Hi folks - what do you think about this 1941 Roadmaster - it's for sale ~$650... looks mostly original to my untrained eye... is the price too much? what should I look out for here before I proceed... I'm familiar with 60's Schwinns but this is new territory for me. Thanks!


----------



## tobytyler (Mar 11, 2020)

Not sure about roadmaster values any more but I’d say a little high but could be wrong it does have a good seat and drop stand plus headlight but it will give you a project


----------



## 1motime (Mar 11, 2020)

Has some potential but a very bare bones bike.  $300-$350  Depends what your expectations are.


----------



## Freqman1 (Mar 11, 2020)

You can do a heck of a lot better for $650. I'd take a pass on this one. V/r Shawn


----------



## Benryannj (Mar 11, 2020)

Thanks, I figured it was a bit over priced.. but it does look very cool as it sits..


Sent from my iPhone using Tapatalk


----------



## mrg (Mar 11, 2020)

Rare Tall tank frame tho!


----------



## Benryannj (Mar 12, 2020)

mrg said:


> Rare Tall tank frame tho!



What is a tall frame - is this a frame with a longer head tube for taller riders?


----------



## jacob9795 (Mar 12, 2020)

The head tube is roughly 6.5”, it seems like other makers of boys frames are usually smaller, around 5.75”.


----------



## Benryannj (Mar 12, 2020)

jacob9795 said:


> The head tube is roughly 6.5”, it seems like other makers of boys frames are usually smaller, around 5.75”.
> 
> ah cool, so should fit me better then (6')..
> 
> cool pic!


----------



## saladshooter (Mar 12, 2020)

The seat tube is still 19". "Tall" only refers to the nickname the hobby gave the tank that fits this frame because of the distance between the frame tubes. Like others have said you can do a lot better for $650.


----------



## Benryannj (Mar 12, 2020)

saladshooter said:


> The seat tube is still 19". "Tall" only refers to the nickname the hobby gave the tank that fits this frame because of the distance between the frame tubes. Like others have said you can do a lot better for $650.




Ah ok, thanks - how do you think the frame size compares to the middleweight 26" Schwinn frames? I think the bottom bracket is higher on these earlier frames which makes for a more cramped ride.


----------



## saladshooter (Mar 12, 2020)

Sorry I have no experience with middleweight Schwinns.

I am also 6' and you can make a lot of bikes comfortable with the combination of bars and lucky 7 seat posts to give you more room.

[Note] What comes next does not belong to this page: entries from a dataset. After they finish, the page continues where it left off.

lemma bij_betw_hom_set_sum_inst:
  fixes F :: "('r, 'a) inst" and Ls :: "('r, 'b) inst list"
  assumes conn: "connected_inst F" and x0: "x0 \<in> adom F" and nonempty: "\<forall>R. [] \<notin> F R"
  shows "bij_betw (\<lambda>p. \<lambda>x\<in>adom F. (fst p, snd p x))
           (SIGMA i:{..<length Ls}. hom_set F (Ls ! i)) (hom_set F (sum_inst Ls))"
proof -
  define n where "n = length Ls"
  define f where "f p = (\<lambda>x\<in>adom F. (fst p, snd p x))" for p :: "nat \<times> ('a \<Rightarrow> 'b)"
  define f' where "f' h = (fst (h x0), \<lambda>x\<in>adom F. snd (h x))" for h :: "'a \<Rightarrow> nat \<times> 'b"
  have component: "\<exists>i<n. (\<forall>x\<in>adom F. fst (h x) = i) \<and> (\<forall>R. \<forall>t\<in>F R. map (snd \<circ> h) t \<in> (Ls ! i) R)"
    if "h \<in> hom_set F (sum_inst Ls)" for h
    unfolding n_def using that
    by (intro hom_to_sum_inst_component[OF conn x0 nonempty]) (auto dest: hom_set_memD)
  have "bij_betw f (SIGMA i:{..<n}. hom_set F (Ls ! i)) (hom_set F (sum_inst Ls))"
  proof (rule bij_betw_byWitness)
    show "\<forall>p\<in>SIGMA i:{..<n}. hom_set F (Ls ! i). f' (f p) = p"
    proof
      fix p assume p: "p \<in> (SIGMA i:{..<n}. hom_set F (Ls ! i))"
      then have "(\<lambda>x\<in>adom F. snd p x) = snd p"
        by (auto simp: extensional_restrict dest: hom_set_extensional)
      moreover have "(\<lambda>x\<in>adom F. snd (f p x)) = (\<lambda>x\<in>adom F. snd p x)"
        unfolding f_def by (rule restrict_ext) simp
      ultimately show "f' (f p) = p" unfolding f'_def using x0 by (simp add: prod_eq_iff f_def)
    qed
    show "\<forall>h\<in>hom_set F (sum_inst Ls). f (f' h) = h"
    proof
      fix h assume h: "h \<in> hom_set F (sum_inst Ls)"
      show "f (f' h) = h"
      proof (rule extensionalityI[of _ "adom F"])
        fix x assume x: "x \<in> adom F"
        then have "fst (h x) = fst (h x0)" using component[OF h] x0 by metis
        then show "f (f' h) x = h x" unfolding f_def f'_def using x by (simp add: prod_eq_iff)
      qed (simp_all add: f_def hom_set_extensional[OF h])
    qed
    show "f ` (SIGMA i:{..<n}. hom_set F (Ls ! i)) \<subseteq> hom_set F (sum_inst Ls)"
    proof (rule image_subsetI)
      fix p assume p: "p \<in> (SIGMA i:{..<n}. hom_set F (Ls ! i))"
      have "map (\<lambda>x. (fst p, snd p x)) t \<in> sum_inst Ls R" if "t \<in> F R" for t R
      proof -
        have "map (snd p) t \<in> (Ls ! fst p) R" using p that by (auto dest: hom_set_memD)
        then show ?thesis using p unfolding sum_inst_def n_def by force
      qed
      then show "f p \<in> hom_set F (sum_inst Ls)" unfolding f_def by (rule restrict_in_hom_set)
    qed
    show "f' ` hom_set F (sum_inst Ls) \<subseteq> (SIGMA i:{..<n}. hom_set F (Ls ! i))"
    proof (rule image_subsetI)
      fix h assume h: "h \<in> hom_set F (sum_inst Ls)"
      then obtain i where i: "i < n" "\<forall>x\<in>adom F. fst (h x) = i"
        and maps: "\<forall>R. \<forall>t\<in>F R. map (snd \<circ> h) t \<in> (Ls ! i) R"
        using component by blast
      have "(\<lambda>x\<in>adom F. snd (h x)) \<in> hom_set F (Ls ! i)"
        using maps by (intro restrict_in_hom_set) (simp add: comp_def)
      then show "f' h \<in> (SIGMA i:{..<n}. hom_set F (Ls ! i))"
        unfolding f'_def using i x0 by simp
    qed
  qed
  then show ?thesis unfolding f_def n_def .
qed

I ride my bikes but suffer at times due to my preference of form over function.  



Benryannj said:


> Ah ok, thanks - how do you think the frame size compares to the middleweight 26" Schwinn frames? I think the bottom bracket is higher on these earlier frames which makes for a more cramped ride.


----------



## jacob9795 (Mar 12, 2020)

What saladshooter said.
The one in my avatar rides like an average bike.

When measuring seat tube height, are we going from the center of the BB to the very top?


----------



## 1motime (Mar 12, 2020)

jacob9795 said:


> What saladshooter said.
> The one in my avatar rides like an average bike.
> 
> When measuring seat tube height, are we going from the center of the BB to the very top?



Center of bottom bracket to center of horizontal top tube.  Or seat clamp for girl's frame.


----------



## jacob9795 (Mar 12, 2020)

Yeah I researched it and figured I had the wrong idea. From the center of the BB to the top is 19” on my bike


----------



## dogdart (Mar 14, 2020)

The Tall Tank is pretty rare 1 year only frame style . The dropstand looks to be an early braced model , they are a little more valuable than a conventional dropstand , although it could be a drilled Colson stand , hard to tell from the picture. Value on the tall tanks is still being questioned as more people learn about them, but never as valuable as the earlier A models. 
Because of this, I would pay more for it than your average Roadmaster


----------